* **PROBLEM DETAILS**
Given the entries that follow, write out exactly the lines starting at the one containing "(cc_vertices C l)" and ending at the one containing "(* There are", both ends included, and only those.

* **PROVIDED DATA**
(* Let $G$ be a graph with a min-max clique covering $\{C_1,\dots,C_\ell\}$ that has simple intersection, let $\mathcal{C}(G)$ be the compressed cliques graph constructed from it, and let $\phi:V(G)\to V(\mathcal{C}(G))$ be given by $\phi(v)=v_{i,j}$ if $v\in C_i\cap C_j$ ($i\ne j$) and $\phi(v)=v_{i,i}$ if $v$ lies in $C_i$ and in no other clique of the covering. If $C$ is a clique in $\mathcal{C}(G)$, then $\phi^{-1}(C)$ is a clique in $G$.
   Context: A clique covering of a graph is a set of cliques such that every edge lies in at least one of them; $\operatorname{cc}(G)$ is its minimum size. A min-max clique covering is a clique covering of size $\operatorname{cc}(G)$ consisting of maximal cliques; it has simple intersection if no three distinct cliques of it share a vertex. Put $C_{i,j}=C_i\cap C_j$ ($i\ne j$) and $C_{i,i}=C_i\setminus\bigcup_{j\ne i}C_j$; the compressed cliques graph $\mathcal{C}(G)$ has a vertex $v_{i,j}$ for each non-empty $C_{i,j}$ (including $i=j$), with $v_{i,j}\sim v_{i',j'}$ iff $\{i,j\}\cap\{i',j'\}\ne\emptyset$. *)

theory Defs
  imports Main
begin

definition graph :: "'a set \<Rightarrow> ('a \<Rightarrow> 'a \<Rightarrow> bool) \<Rightarrow> bool" where
  "graph V E \<longleftrightarrow> finite V \<and> (\<forall>x y. E x y \<longrightarrow> x \<in> V \<and> y \<in> V)
     \<and> (\<forall>x y. E x y \<longrightarrow> E y x) \<and> (\<forall>x. \<not> E x x)"

definition clique :: "'a set \<Rightarrow> ('a \<Rightarrow> 'a \<Rightarrow> bool) \<Rightarrow> 'a set \<Rightarrow> bool" where
  "clique V E K \<longleftrightarrow> K \<subseteq> V \<and> (\<forall>x\<in>K. \<forall>y\<in>K. x \<noteq> y \<longrightarrow> E x y)"

definition maximal_clique :: "'a set \<Rightarrow> ('a \<Rightarrow> 'a \<Rightarrow> bool) \<Rightarrow> 'a set \<Rightarrow> bool" where
  "maximal_clique V E K \<longleftrightarrow> clique V E K \<and> (\<forall>K'. clique V E K' \<and> K \<subseteq> K' \<longrightarrow> K' = K)"

definition clique_covering :: "'a set \<Rightarrow> ('a \<Rightarrow> 'a \<Rightarrow> bool) \<Rightarrow> 'a set set \<Rightarrow> bool" where
  "clique_covering V E \<C> \<longleftrightarrow> (\<forall>K\<in>\<C>. clique V E K)
     \<and> (\<forall>x\<in>V. \<forall>y\<in>V. E x y \<longrightarrow> (\<exists>K\<in>\<C>. x \<in> K \<and> y \<in> K))"

definition cc :: "'a set \<Rightarrow> ('a \<Rightarrow> 'a \<Rightarrow> bool) \<Rightarrow> nat" where
  "cc V E = (LEAST n. \<exists>\<C>. finite \<C> \<and> clique_covering V E \<C> \<and> card \<C> = n)"

definition min_max_clique_covering ::
    "'a set \<Rightarrow> ('a \<Rightarrow> 'a \<Rightarrow> bool) \<Rightarrow> (nat \<Rightarrow> 'a set) \<Rightarrow> nat \<Rightarrow> bool" where
  "min_max_clique_covering V E C l \<longleftrightarrow> inj_on C {..<l}
     \<and> clique_covering V E (C ` {..<l}) \<and> l = cc V E
     \<and> (\<forall>i<l. maximal_clique V E (C i))"

definition simple_intersection :: "(nat \<Rightarrow> 'a set) \<Rightarrow> nat \<Rightarrow> bool" where
  "simple_intersection C l \<longleftrightarrow>
     (\<forall>i<l. \<forall>j<l. \<forall>k<l. i \<noteq> j \<and> j \<noteq> k \<and> i \<noteq> k \<longrightarrow> C i \<inter> C j \<inter> C k = {})"

definition Cpart :: "(nat \<Rightarrow> 'a set) \<Rightarrow> nat \<Rightarrow> nat \<Rightarrow> nat \<Rightarrow> 'a set" where
  "Cpart C l i j = (if i = j then C i - \<Union>{C k | k. k < l \<and> k \<noteq> i} else C i \<inter> C j)"

text \<open>Vertices of the compressed cliques graph: v_{i,j} is represented by the unordered
  index set {i,j} (so v_{i,i} is {i}).\<close>
definition cc_vertices :: "(nat \<Rightarrow> 'a set) \<Rightarrow> nat \<Rightarrow> nat set set" where
  "cc_vertices C l = {{i, j} | i j. i < l \<and> j < l \<and> Cpart C l i j \<noteq> {}}"

definition cc_edge :: "nat set \<Rightarrow> nat set \<Rightarrow> bool" where
  "cc_edge p q \<longleftrightarrow> p \<noteq> q \<and> p \<inter> q \<noteq> {}"

text \<open>The map phi: a covered vertex v is sent to the index set of cliques containing it,
  i.e. {i,j} if v \<in> C_i \<inter> C_j (i \<noteq> j), and {i} if v lies only in C_i.\<close>
definition phi :: "(nat \<Rightarrow> 'a set) \<Rightarrow> nat \<Rightarrow> 'a \<Rightarrow> nat set" where
  "phi C l v = {i. i < l \<and> v \<in> C i}"

end

theory Submission
  imports Defs
begin

text \<open>Two vertices of \<open>G\<close> whose images under \<open>\<phi>\<close> coincide or are adjacent in the compressed
  cliques graph share an index \<open>i\<close>, hence both lie in the clique \<open>C\<^sub>i\<close> and are adjacent.\<close>

lemma min_max_clique_covering_clique:
  assumes "min_max_clique_covering V E C l" and "i < l"
  shows "clique V E (C i)"
  using assms unfolding min_max_clique_covering_def clique_covering_def by auto

lemma phi_nonempty:
  assumes "x \<in> (\<Union>i<l. C i)"
  shows "phi C l x \<noteq> {}"
  using assms unfolding phi_def by blast

lemma clique_cc_edge_Int_nonempty:
  assumes "clique W cc_edge K" and "p \<in> K" and "q \<in> K" and "p \<noteq> {}"
  shows "p \<inter> q \<noteq> {}"
  using assms unfolding clique_def cc_edge_def by (cases "p = q") auto

lemma adjacent_if_phi_Int_nonempty:
  assumes "\<forall>i<l. clique V E (C i)"
    and "phi C l x \<inter> phi C l y \<noteq> {}" and "x \<noteq> y"
  shows "E x y"
proof -
  from assms(2) obtain i where "i < l" "x \<in> C i" "y \<in> C i"
    unfolding phi_def by blast
  with assms(1,3) show ?thesis unfolding clique_def by blast
qed

theorem mainTheorem20:
  fixes V :: "'a set" and E :: "'a \<Rightarrow> 'a \<Rightarrow> bool"
    and C :: "nat \<Rightarrow> 'a set" and l :: nat and K :: "nat set set"
  assumes "graph V E"
    and "min_max_clique_covering V E C l"
    and "simple_intersection C l"
    and "clique (cc_vertices C l) cc_edge K"
  shows "clique V E {v \<in> (\<Union>i<l. C i). phi C l v \<in> K}"
proof -
  have cliques: "\<forall>i<l. clique V E (C i)"
    using assms(2) by (simp add: min_max_clique_covering_clique)
  show ?thesis unfolding clique_def
  proof (intro conjI ballI impI)
    show "{v \<in> (\<Union>i<l. C i). phi C l v \<in> K} \<subseteq> V"
      using cliques unfolding clique_def by blast
  next
    fix x y
    assume x: "x \<in> {v \<in> (\<Union>i<l. C i). phi C l v \<in> K}"
      and y: "y \<in> {v \<in> (\<Union>i<l. C i). phi C l v \<in> K}" and "x \<noteq> y"
    have shared_index: "phi C l x \<inter> phi C l y \<noteq> {}"
      using x y by (intro clique_cc_edge_Int_nonempty[OF assms(4)] phi_nonempty) simp_all
    show "E x y" using cliques shared_index \<open>x \<noteq> y\<close> by (rule adjacent_if_phi_Int_nonempty)
  qed
qed

end
(* There are infinitely many coprime pairs $(r,s)$ of integers $r,s\geq2$ such that $2c_{r,s}=c_{p,q}$ for some coprime integers $p,q\geq2$; that is, infinitely many of the rational vertex algebras $(\mathcal{L}_{c_{r,s}}^{\otimes 2})^{S_2}$ have a minimal (Virasoro) central charge. Likewise, there are infinitely many coprime pairs $(r,s)$, $r,s\ge2$, such that $3c_{r,s}=c_{p,q}$ for some coprime integers $p,q\geq 2$; that is, infinitely many of the vertex algebras $(\mathcal{L}_{c_{r,s}}^{\otimes 3})^{\mathbb{Z}_3}$ have a minimal central charge.
   Context: For coprime integers $p,q\geq2$, $c_{p,q}=1-\frac{6(p-q)^2}{pq}$ (a minimal central charge). $\mathcal{L}_c$ is the simple Virasoro vertex operator algebra of central charge $c$; $(\mathcal{L}_c^{\otimes 2})^{S_2}$ and $(\mathcal{L}_c^{\otimes 3})^{\mathbb{Z}_3}$ are the fixed-point subalgebras under permutation of tensor factors (resp. cyclic permutation), with central charges $2c$ and $3c$. *)

theory Defs
  imports Complex_Main
begin

definition cmin :: "int \<Rightarrow> int \<Rightarrow> rat" where
  "cmin p q = 1 - of_int (6 * (p - q)^2) / of_int (p * q)"

definition minpair :: "int \<Rightarrow> int \<Rightarrow> bool" where
  "minpair p q \<longleftrightarrow> p \<ge> 2 \<and> q \<ge> 2 \<and> coprime p q"

end

theory Submission
  imports Defs
begin

text \<open>
  For u = r/s one has c_{r,s} = 13 - 6 (u + 1/u), so k c_{r,s} = c_{p,q} with v = p/q is a quadratic
  equation for v over Q(u); it has a rational root exactly when a quartic in u is a rational square.
  For k = 2 and k = 3 this quartic curve has a rational point (u = 4/3, resp. u = 3/2), and moving it
  to infinity turns the curve into an integral Weierstrass cubic. On each cubic the tangent
  construction, started at a point whose x-coordinate has 4 in its denominator, strictly increases
  the power of 2 in the denominator, so there are infinitely many rational points; a chord argument
  then makes their x-coordinates unbounded. Large x means u close to 4/3 (resp. 3/2), which keeps
  r, s, p, q at least 2 and forces the denominator s of u to be large, giving infinitely many pairs.
\<close>

section \<open>Weierstrass cubics\<close>

definition weier :: "'a::comm_ring_1 \<Rightarrow> 'a \<Rightarrow> 'a \<Rightarrow> 'a \<Rightarrow> 'a" where
  "weier a b c x = x^3 + a*x^2 + b*x + c"

definition weier_divdiff :: "'a::comm_ring_1 \<Rightarrow> 'a \<Rightarrow> 'a \<Rightarrow> 'a \<Rightarrow> 'a" where
  "weier_divdiff a b x1 x2 = x1^2 + x1*x2 + x2^2 + a*(x1 + x2) + b"

lemma weier_diff: "weier a b c x1 - weier a b c x2 = (x1 - x2) * weier_divdiff a b x1 x2"
  unfolding weier_def weier_divdiff_def by (simp add: power2_eq_square power3_eq_cube algebra_simps)
lemma closure_of_injectivity_points:
  "code_topology closure_of {p \<in> code_space. {q \<in> code_space. decode q = decode p} = {p}} = code_space"
proof
  show "code_topology closure_of {p \<in> code_space. {q \<in> code_space. decode q = decode p} = {p}} \<subseteq> code_space"
    using closure_of_subset_topspace[of code_topology] by simp
  have "code ` boundary_free_points \<subseteq> {p \<in> code_space. {q \<in> code_space. decode q = decode p} = {p}}"
    using decode_fibre_code_boundary_free code_boundary_free_in_code_space by blast
  from closure_of_mono[OF this, of code_topology]
  show "code_space \<subseteq> code_topology closure_of {p \<in> code_space. {q \<in> code_space. decode q = decode p} = {p}}"
    unfolding closure_of_code_boundary_free_points .
qed

lemma no_isolated_points_code_topology:
  assumes perfect: "\<And>x. x \<in> topspace X \<Longrightarrow> \<not> openin X {x}" and p: "p \<in> code_space"
  shows "\<not> openin code_topology {p}"
proof
  assume "openin code_topology {p}"
  then obtain N where N: "openin membership_topology N" "{p} = N \<inter> code_space"
    unfolding code_topology_def openin_subtopology by blast
  have "p \<in> membership_topology closure_of (code ` boundary_free_points)"
    using p unfolding code_space_def .
  then obtain x where x: "x \<in> boundary_free_points" "code x \<in> N"
    using N unfolding in_closure_of by blast
  have "openin (subtopology X boundary_free_points)
      {y \<in> topspace (subtopology X boundary_free_points). code y \<in> N}"
    by (rule openin_continuous_map_preimage[OF continuous_map_code_boundary_free_points N(1)])
  then obtain W where W: "openin X W" "{y \<in> boundary_free_points. code y \<in> N} = W \<inter> boundary_free_points"
    using boundary_free_points_subset unfolding openin_subtopology by (auto simp: Int_absorb1)
  have "{y \<in> boundary_free_points. code y \<in> N} = {x}"
  proof (intro equalityI subsetI)
    fix y assume y: "y \<in> {y \<in> boundary_free_points. code y \<in> N}"
    then have "code y = code x"
      using x N code_boundary_free_in_code_space by blast
    then show "y \<in> {x}"
      using inj_on_code y x boundary_free_points_subset unfolding inj_on_def by blast
  qed (use x in simp)
  then have Wx: "W \<inter> boundary_free_points = {x}" using W(2) by simp
  have xW: "x \<in> W" and xX: "x \<in> topspace X" using Wx boundary_free_points_subset by blast+
  have "W \<noteq> {x}" using perfect[OF xX] W(1) by blast
  then have "W - {x} \<noteq> {}" using xW by blast
  moreover have "openin X (W - {x})"
    using W(1) closedin_t1_singleton[OF Hausdorff_imp_t1_space[OF Hausdorff] xX] by (rule openin_diff)
  ultimately have "boundary_free_points \<inter> (W - {x}) \<noteq> {}"
    using closure_of_boundary_free_points unfolding dense_intersects_open by blast
  then show False using Wx by blast
qed

end

locale equivariant_coding = separating_coding +
  fixes f g :: "'a \<Rightarrow> 'a"
  assumes homeomorphic: "homeomorphic_maps X X f g"
    and image_f_family: "\<And>U. U \<in> \<U> \<Longrightarrow> f ` U \<in> \<U>"
    and image_g_family: "\<And>U. U \<in> \<U> \<Longrightarrow> g ` U \<in> \<U>"
begin

lemma equivariant_coding_inverse: "equivariant_coding X \<U> g f"
proof (rule equivariant_coding.intro[OF separating_coding_axioms equivariant_coding_axioms.intro])
  show "homeomorphic_maps X X g f"
    using homeomorphic homeomorphic_maps_sym by blast
qed (fact image_g_family, fact image_f_family)

lemma mem_family_iff:
  assumes "x \<in> topspace X" and "U \<in> \<U>"
  shows "f x \<in> U \<longleftrightarrow> x \<in> g ` U" and "f x \<in> X closure_of U \<longleftrightarrow> x \<in> X closure_of (g ` U)"
  by (rule homeomorphic_maps_mem_image_iff[OF homeomorphic assms(1) family_subset_topspace[OF assms(2)]],
      rule homeomorphic_maps_mem_closure_of_iff[OF homeomorphic assms(1) family_subset_topspace[OF assms(2)]])

lemma image_in_topspace: "x \<in> topspace X \<Longrightarrow> f x \<in> topspace X"
  using homeomorphic continuous_map_image_subset_topspace unfolding homeomorphic_maps_def by blast

definition shift :: "'a set set \<Rightarrow> 'a set set" where
  "shift p = {U \<in> \<U>. g ` U \<in> p}"

lemma code_image:
  assumes "x \<in> topspace X" shows "code (f x) = shift (code x)"
proof (rule set_eqI)
  fix U
  show "U \<in> code (f x) \<longleftrightarrow> U \<in> shift (code x)"
    using mem_family_iff(1)[OF assms, of U] image_g_family[of U] unfolding code_def shift_def by blast
qed

lemma image_boundary_free_points:
  assumes "x \<in> boundary_free_points" shows "f x \<in> boundary_free_points"
proof -
  have x: "x \<in> topspace X" using assms boundary_free_points_subset by blast
  have "f x \<in> U \<or> f x \<notin> X closure_of U" if U: "U \<in> \<U>" for U
    using assms image_g_family[OF U] mem_family_iff[OF x U] unfolding boundary_free_points_def by blast
  then show ?thesis
    unfolding boundary_free_points_def using image_in_topspace[OF x] by blast
qed

lemma shift_inverse: "p \<subseteq> \<U> \<Longrightarrow> {U \<in> \<U>. f ` U \<in> shift p} = p"
proof -
  assume "p \<subseteq> \<U>"
  moreover have "g ` f ` U = U" if "U \<in> \<U>" for U
    using homeomorphic family_subset_topspace[OF that] unfolding homeomorphic_maps_def
    by (force simp: image_comp)
  ultimately show ?thesis
    unfolding shift_def using image_f_family by auto
qed

lemma continuous_map_shift: "continuous_map membership_topology membership_topology shift"
proof (rule continuous_map_into_membership_topology)
  fix U
  have "{p \<in> topspace membership_topology. U \<in> shift p} = (if U \<in> \<U> then {p. g ` U \<in> p} else {})"
    "{p \<in> topspace membership_topology. U \<notin> shift p} =
      (if U \<in> \<U> then {p. g ` U \<notin> p} else topspace membership_topology)"
    unfolding shift_def by auto
  then show "openin membership_topology {p \<in> topspace membership_topology. U \<in> shift p}"
    "openin membership_topology {p \<in> topspace membership_topology. U \<notin> shift p}"
    by (simp_all add: openin_membership_topology_cylinder del: topspace_membership_topology)
qed

lemma shift_code_space: "p \<in> code_space \<Longrightarrow> shift p \<in> code_space"
proof -
  have "shift ` code_space \<subseteq> membership_topology closure_of (shift ` code ` boundary_free_points)"
    unfolding code_space_def by (rule continuous_map_image_closure_subset[OF continuous_map_shift])
  moreover have "shift ` code ` boundary_free_points \<subseteq> code ` boundary_free_points"
    using code_image image_boundary_free_points boundary_free_points_subset by (auto intro!: image_eqI)
  then have "membership_topology closure_of (shift ` code ` boundary_free_points) \<subseteq> code_space"
    unfolding code_space_def by (rule closure_of_mono)
  ultimately show "p \<in> code_space \<Longrightarrow> shift p \<in> code_space"
    by blast
qed

lemma decode_shift:
  assumes "p \<in> code_space" shows "decode (shift p) = f (decode p)"
proof (rule decode_eqI)
  have p: "decode p \<in> coded_points p" and pX: "decode p \<in> topspace X"
    using decode_in_coded_points[OF assms] decode_in_topspace[OF assms] by blast+
  have "(U \<in> shift p \<longrightarrow> f (decode p) \<in> X closure_of U) \<and> (U \<notin> shift p \<longrightarrow> f (decode p) \<notin> U)"
    if U: "U \<in> \<U>" for U
    using p image_g_family[OF U] U mem_family_iff[OF pX U] unfolding coded_points_def shift_def by auto
  then show "f (decode p) \<in> coded_points (shift p)"
    unfolding coded_points_def using image_in_topspace[OF pX] by blast
qed

lemma homeomorphic_map_shift: "homeomorphic_map code_topology code_topology shift"
proof -
  interpret inverse: equivariant_coding X \<U> g f
    by (rule equivariant_coding_inverse)
  have "continuous_map code_topology code_topology shift"
    unfolding code_topology_def using shift_code_space
    by (intro continuous_map_into_subtopology continuous_map_from_subtopology continuous_map_shift) auto
  moreover have "continuous_map code_topology code_topology inverse.shift"
    unfolding code_topology_def using inverse.shift_code_space
    by (intro continuous_map_into_subtopology continuous_map_from_subtopology inverse.continuous_map_shift) auto
  moreover have "inverse.shift (shift p) = p" "shift (inverse.shift p) = p" if "p \<in> code_space" for p
    using shift_inverse inverse.shift_inverse code_space_subset_family[OF that]
    unfolding inverse.shift_def shift_def by simp_all
  ultimately have "homeomorphic_maps code_topology code_topology shift inverse.shift"
    unfolding homeomorphic_maps_def by simp
  then show ?thesis
    using homeomorphic_maps_map by blast
qed

end

lemma islimpt_imp_not_openin_singleton:
  fixes Z :: "'a::t1_space set"
  assumes "z islimpt Z" shows "\<not> openin (top_of_set Z) {z}"
  using infinite_openin[of Z "{z}" z] assms by auto

lemma equivariant_coding_of_compact:
  fixes Z :: "'a::metric_space set"
  assumes "compact Z" and hom: "homeomorphic_maps (top_of_set Z) (top_of_set Z) f g"
  obtains \<U> where "equivariant_coding (top_of_set Z) \<U> f g"
proof -
  obtain \<V> where \<V>: "countable \<V>" "\<And>V. V \<in> \<V> \<Longrightarrow> openin (top_of_set Z) V"
    "\<And>z w. \<lbrakk>z \<in> Z; w \<in> Z; z \<noteq> w\<rbrakk> \<Longrightarrow> \<exists>V\<in>\<V>. z \<in> V \<and> w \<notin> top_of_set Z closure_of V"
    using compact_separating_open_family[OF assms(1)] by blast
  obtain \<U> where \<U>: "countable \<U>" "\<V> \<subseteq> \<U>" "\<And>U. U \<in> \<U> \<Longrightarrow> openin (top_of_set Z) U"
    "\<And>U. U \<in> \<U> \<Longrightarrow> f ` U \<in> \<U>" "\<And>U. U \<in> \<U> \<Longrightarrow> g ` U \<in> \<U>"
    using homeomorphic_maps_invariant_family[OF hom \<V>(1,2)] by blast
  have "equivariant_coding (top_of_set Z) \<U> f g"
  proof
    show "compact_space (top_of_set Z)"
      using assms(1) by (simp add: compact_space_subtopology)
    show "\<exists>U\<in>\<U>. x \<in> U \<and> y \<notin> top_of_set Z closure_of U"
      if "x \<in> topspace (top_of_set Z)" "y \<in> topspace (top_of_set Z)" "x \<noteq> y" for x y
      using \<V>(3)[of x y] \<U>(2) that by auto
  qed (fact \<U>(1), fact \<U>(3), fact hom, fact \<U>(4), fact \<U>(5))
  then show thesis by (rule that)
qed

* **ANSWER SPACE**
    and "clique (cc_vertices C l) cc_edge K"
  shows "clique V E {v \<in> (\<Union>i<l. C i). phi C l v \<in> K}"
proof -
  have cliques: "\<forall>i<l. clique V E (C i)"
    using assms(2) by (simp add: min_max_clique_covering_clique)
  show ?thesis unfolding clique_def
  proof (intro conjI ballI impI)
    show "{v \<in> (\<Union>i<l. C i). phi C l v \<in> K} \<subseteq> V"
      using cliques unfolding clique_def by blast
  next
    fix x y
    assume x: "x \<in> {v \<in> (\<Union>i<l. C i). phi C l v \<in> K}"
      and y: "y \<in> {v \<in> (\<Union>i<l. C i). phi C l v \<in> K}" and "x \<noteq> y"
    have shared_index: "phi C l x \<inter> phi C l y \<noteq> {}"
      using x y by (intro clique_cc_edge_Int_nonempty[OF assms(4)] phi_nonempty) simp_all
    show "E x y" using cliques shared_index \<open>x \<noteq> y\<close> by (rule adjacent_if_phi_Int_nonempty)
  qed
qed

end
(* There are infinitely many coprime pairs $(r,s)$ of integers $r,s\geq2$ such that $2c_{r,s}=c_{p,q}$ for some coprime integers $p,q\geq2$; that is, infinitely many of the rational vertex algebras $(\mathcal{L}_{c_{r,s}}^{\otimes 2})^{S_2}$ have a minimal (Virasoro) central charge. Likewise, there are infinitely many coprime pairs $(r,s)$, $r,s\ge2$, such that $3c_{r,s}=c_{p,q}$ for some coprime integers $p,q\geq 2$; that is, infinitely many of the vertex algebras $(\mathcal{L}_{c_{r,s}}^{\otimes 3})^{\mathbb{Z}_3}$ have a minimal central charge.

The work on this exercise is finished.